Chief engineer Kashka said he was “99 percent” sure that the micro-fracture is in an accessible place for repairs.

“I am sure that our specialists will be able to make the repairs,” he said. “The only question is how much time it will take.”

Ruksha said the gas compensation system is the weakest element of nuclear icebreakers.

“These issues have already been resolved for the next generation of icebreakers,” he said. “Whatever the case, after our investigation and the discovery of the leak, we will definitely tell the public about the results,” said Rushka.

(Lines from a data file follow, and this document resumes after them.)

(* Any quantum algorithm that, given quantum query access to a component mixer on a set of $n$-bit strings, decides with bounded error whether there is more than one component (the multiple components problem) must make $\Omega(2^{n/2})$ queries.
   Context: Let $n\ge 1$ and let $S\subseteq\{0,1\}^n$ be partitioned into nonempty sets (components) $S_1,\dots,S_c$. A component mixer on this partition is a family of one-to-one maps $M_i:S\to S$ indexed by $i$ in a finite nonempty set $\mathrm{Ind}_M$ of strings of length polynomial in $n$, such that: (i) for every $i$, every $a$ and every $x\in S_a$, $M_i(x)\in S_a$; (ii) for every $a$ and every $x\in S_a$, if $i$ is chosen uniformly at random from $\mathrm{Ind}_M$, then the total variation distance between the distribution of $M_i(x)$ and the uniform distribution on $S_a$ is at most $2^{-n-2}$. Quantum query access means each of the following can be done coherently in one query with failure probability at most $2^{-n}$: test membership in $S$ or $\mathrm{Ind}_M$; prepare the uniform superposition over $S$ or over $\mathrm{Ind}_M$, or measure the projector onto it; apply $\mathrm{CM}|\alpha,i,s\rangle=|\alpha,i,M_i^{\alpha}(s)\rangle$ for $\alpha\in\{-1,0,1\}$ (identity on invalid inputs). *)

theory Defs
  imports Complex_Main "HOL-Library.Disjoint_Sets"
begin

type_synonym bitstr = "bool list"

definition bitstrs :: "nat \<Rightarrow> bitstr set" where
  "bitstrs k = {xs. length xs = k}"

text \<open>Total variation distance between the distribution of M_i(x) (i uniform in Ind)
  and the uniform distribution on the component C (both supported on C).\<close>
definition mixer_tv :: "bitstr set \<Rightarrow> (bitstr \<Rightarrow> bitstr \<Rightarrow> bitstr) \<Rightarrow> bitstr set \<Rightarrow> bitstr \<Rightarrow> real" where
  "mixer_tv Ind M C x =
     (1/2) * (\<Sum>y\<in>C. \<bar>real (card {i\<in>Ind. M i x = y}) / real (card Ind) - 1 / real (card C)\<bar>)"

definition component_mixer ::
  "nat \<Rightarrow> nat \<Rightarrow> bitstr set \<Rightarrow> bitstr set set \<Rightarrow> bitstr set \<Rightarrow> (bitstr \<Rightarrow> bitstr \<Rightarrow> bitstr) \<Rightarrow> bool" where
  "component_mixer n m S P Ind M \<longleftrightarrow>
     S \<subseteq> bitstrs n \<and> S \<noteq> {} \<and> partition_on S P \<and>
     Ind \<subseteq> bitstrs m \<and> Ind \<noteq> {} \<and>
     (\<forall>i\<in>Ind. inj_on (M i) S \<and> (\<forall>C\<in>P. \<forall>x\<in>C. M i x \<in> C)) \<and>
     (\<forall>C\<in>P. \<forall>x\<in>C. mixer_tv Ind M C x \<le> 2 powr (- real n - 2))"

text \<open>An operator on the space with (finite) orthonormal basis B is given by its matrix
  K x y = <x|K|y>; a state is a function from basis elements to amplitudes.\<close>
definition apply_op :: "'b set \<Rightarrow> ('b \<Rightarrow> 'b \<Rightarrow> complex) \<Rightarrow> ('b \<Rightarrow> complex) \<Rightarrow> 'b \<Rightarrow> complex" where
  "apply_op B K \<psi> x = (\<Sum>y\<in>B. K x y * \<psi> y)"

definition unitary_on :: "'b set \<Rightarrow> ('b \<Rightarrow> 'b \<Rightarrow> complex) \<Rightarrow> bool" where
  "unitary_on B U \<longleftrightarrow>
     (\<forall>x\<in>B. \<forall>y\<in>B. (\<Sum>k\<in>B. cnj (U k x) * U k y) = (if x = y then 1 else 0))"

definition delta :: "'a \<Rightarrow> 'a \<Rightarrow> complex" where
  "delta x y = (if x = y then 1 else 0)"

definition unif_amp :: "'a set \<Rightarrow> 'a \<Rightarrow> real" where
  "unif_amp A x = (if x \<in> A then 1 / sqrt (real (card A)) else 0)"

text \<open>Householder reflection on the space with basis X exchanging the unit vectors
  |z> and |A> (uniform superposition over A); identity if they coincide.
  Maps |z> to |A>: this is the canonical preparation unitary.\<close>
definition prep_kernel :: "'a set \<Rightarrow> 'a \<Rightarrow> 'a set \<Rightarrow> 'a \<Rightarrow> 'a \<Rightarrow> complex" where
  "prep_kernel X z A x y =
     (let d = (\<lambda>u. (if u = z then 1 else 0) - unif_amp A u);
          nrm2 = (\<Sum>u\<in>X. (d u)^2)
      in delta x y - (if nrm2 = 0 then 0 else complex_of_real (2 * d x * d y / nrm2)))"

definition proj_kernel :: "'a set \<Rightarrow> 'a \<Rightarrow> 'a \<Rightarrow> complex" where
  "proj_kernel A x y = complex_of_real (unif_amp A x * unif_amp A y)"

text \<open>Query register basis elements (op, a, i, s, b): op \<in> {0..7} selects the operation
  (coherently, so superpositions/controlled uses are allowed), a \<in> {0,1,2} encodes
  alpha = a - 1, i is an m-bit index string, s an n-bit string, b an answer bit.\<close>
type_synonym qreg = "nat \<times> nat \<times> bitstr \<times> bitstr \<times> bool"

definition qbasis :: "nat \<Rightarrow> nat \<Rightarrow> qreg set" where
  "qbasis n m = {..<8} \<times> {..<3} \<times> bitstrs m \<times> bitstrs n \<times> UNIV"

text \<open>M_i^alpha on s (alpha = a - 1), identity on invalid inputs.\<close>
definition mix_pow :: "bitstr set \<Rightarrow> bitstr set \<Rightarrow> (bitstr \<Rightarrow> bitstr \<Rightarrow> bitstr) \<Rightarrow> nat \<Rightarrow> bitstr \<Rightarrow> bitstr \<Rightarrow> bitstr" where
  "mix_pow S Ind M a i s =
     (if i \<in> Ind \<and> s \<in> S then
        (if a = 0 then the_inv_into S (M i) s else if a = 1 then s else M i s)
      else s)"

definition oracle_kernel ::
  "nat \<Rightarrow> nat \<Rightarrow> bitstr set \<Rightarrow> bitstr set \<Rightarrow> (bitstr \<Rightarrow> bitstr \<Rightarrow> bitstr) \<Rightarrow> qreg \<Rightarrow> qreg \<Rightarrow> complex" where
  "oracle_kernel n m S Ind M q' q =
     (case q' of (op', a', i', s', b') \<Rightarrow> case q of (op, a, i, s, b) \<Rightarrow>
      if op' \<noteq> op then 0 else
      if op = 1 then delta (a', i', s', b') (a, i, s, b \<noteq> (s \<in> S))
      else if op = 2 then delta (a', i', s', b') (a, i, s, b \<noteq> (i \<in> Ind))
      else if op = 3 then delta (a', i', b') (a, i, b) * prep_kernel (bitstrs n) (replicate n False) S s' s
      else if op = 4 then delta (a', s', b') (a, s, b) * prep_kernel (bitstrs m) (replicate m False) Ind i' i
      else if op = 5 then delta (a', i') (a, i) *
          (proj_kernel S s' s * delta b' (\<not> b) + (delta s' s - proj_kernel S s' s) * delta b' b)
      else if op = 6 then delta (a', s') (a, s) *
          (proj_kernel Ind i' i * delta b' (\<not> b) + (delta i' i - proj_kernel Ind i' i) * delta b' b)
      else if op = 7 then delta (a', i', s', b') (a, i, mix_pow S Ind M a i s, b)
      else delta (a', i', s', b') (a, i, s, b))"

definition full_basis :: "nat \<Rightarrow> nat \<Rightarrow> nat \<Rightarrow> (qreg \<times> nat) set" where
  "full_basis n m w = qbasis n m \<times> {..<w}"

definition full_oracle ::
  "nat \<Rightarrow> nat \<Rightarrow> bitstr set \<Rightarrow> bitstr set \<Rightarrow> (bitstr \<Rightarrow> bitstr \<Rightarrow> bitstr) \<Rightarrow> qreg \<times> nat \<Rightarrow> qreg \<times> nat \<Rightarrow> complex" where
  "full_oracle n m S Ind M x y =
     (if snd x = snd y then oracle_kernel n m S Ind M (fst x) (fst y) else 0)"

definition init_state :: "nat \<Rightarrow> nat \<Rightarrow> qreg \<times> nat \<Rightarrow> complex" where
  "init_state n m x = (if x = ((0, 0, replicate m False, replicate n False, False), 0) then 1 else 0)"

fun run_state ::
  "nat \<Rightarrow> nat \<Rightarrow> nat \<Rightarrow> (nat \<Rightarrow> qreg \<times> nat \<Rightarrow> qreg \<times> nat \<Rightarrow> complex) \<Rightarrow>
   bitstr set \<Rightarrow> bitstr set \<Rightarrow> (bitstr \<Rightarrow> bitstr \<Rightarrow> bitstr) \<Rightarrow> nat \<Rightarrow> qreg \<times> nat \<Rightarrow> complex" where
  "run_state n m w U S Ind M 0 = apply_op (full_basis n m w) (U 0) (init_state n m)"
| "run_state n m w U S Ind M (Suc k) =
     apply_op (full_basis n m w) (U (Suc k))
       (apply_op (full_basis n m w) (full_oracle n m S Ind M) (run_state n m w U S Ind M k))"

definition accept_prob ::
  "nat \<Rightarrow> nat \<Rightarrow> nat \<Rightarrow> nat \<Rightarrow> (nat \<Rightarrow> qreg \<times> nat \<Rightarrow> qreg \<times> nat \<Rightarrow> complex) \<Rightarrow> (qreg \<times> nat) set \<Rightarrow>
   bitstr set \<Rightarrow> bitstr set \<Rightarrow> (bitstr \<Rightarrow> bitstr \<Rightarrow> bitstr) \<Rightarrow> real" where
  "accept_prob n m w T U Acc S Ind M = (\<Sum>x\<in>Acc. (cmod (run_state n m w U S Ind M T x))^2)"

definition solves_multiple_components ::
  "nat \<Rightarrow> nat \<Rightarrow> nat \<Rightarrow> nat \<Rightarrow> (nat \<Rightarrow> qreg \<times> nat \<Rightarrow> qreg \<times> nat \<Rightarrow> complex) \<Rightarrow> (qreg \<times> nat) set \<Rightarrow> bool" where
  "solves_multiple_components n m w T U Acc \<longleftrightarrow>
     0 < w \<and> (\<forall>k\<le>T. unitary_on (full_basis n m w) (U k)) \<and> Acc \<subseteq> full_basis n m w \<and>
     (\<forall>S P Ind M. component_mixer n m S P Ind M \<longrightarrow>
        (card P \<ge> 2 \<longrightarrow> accept_prob n m w T U Acc S Ind M \<ge> 2/3) \<and>
        (card P < 2 \<longrightarrow> accept_prob n m w T U Acc S Ind M \<le> 1/3))"

end

theory Submission
  imports Defs "HOL-Analysis.L2_Norm"
begin

(* Let top_half n be the n-bit strings with leading bit 1, and let the
   mixer M_i xor the last n-1 bits of such a string with the first n-1 bits of i (and fix
   every other string). On top_half n this mixes perfectly, so it is a one-component
   mixer. For every candidate z (leading bit 0, not the all-zero reference string),
   adding z as an isolated fixed point gives a two-component mixer on
   insert z (top_half n), with the same mixer. The oracles of the two instances differ
   only in membership queries at z and in the preparation and reflection oracles for the
   uniform superposition, which moves by O(2^(-n/2)) when z is added.

   The hybrid argument bounds the distance of the final states
   by the sum over queries of this difference applied to the one-component run. The
   squared membership parts summed over all candidates are at most 4, so averaging over
   the 2^(n-1) - 1 candidates and comparing with the acceptance gap 1/3 yields
   T >= 2^(n/2) / 120, which gives the main theorem. *)

section \<open>Euclidean norm of amplitude vectors\<close>

definition vnorm :: "'b set \<Rightarrow> ('b \<Rightarrow> complex) \<Rightarrow> real" where
  "vnorm B \<phi> = L2_set (\<lambda>x. cmod (\<phi> x)) B"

According to Andei Zolotkov, director of Bellona Murmansk, regulatory structures and engineering organizations will surely permit further use of the Taymyr’s reactor after the the micro-fracture is discovered and repairs are carried out.

“But the next micro-fracture will cast real doubt on the safe use of reactors of this type with prolonged engineering life spans,” said Zolotkov.

The Taymyr is one of two nuclear icebreakers built for the Soviet Union by Finland in the late 1980s. The US-based research organisation said the two Finnish ships were “originally designed for 100,000 hours of reactor life, but this was extended first to 150,000, then to 175,000.”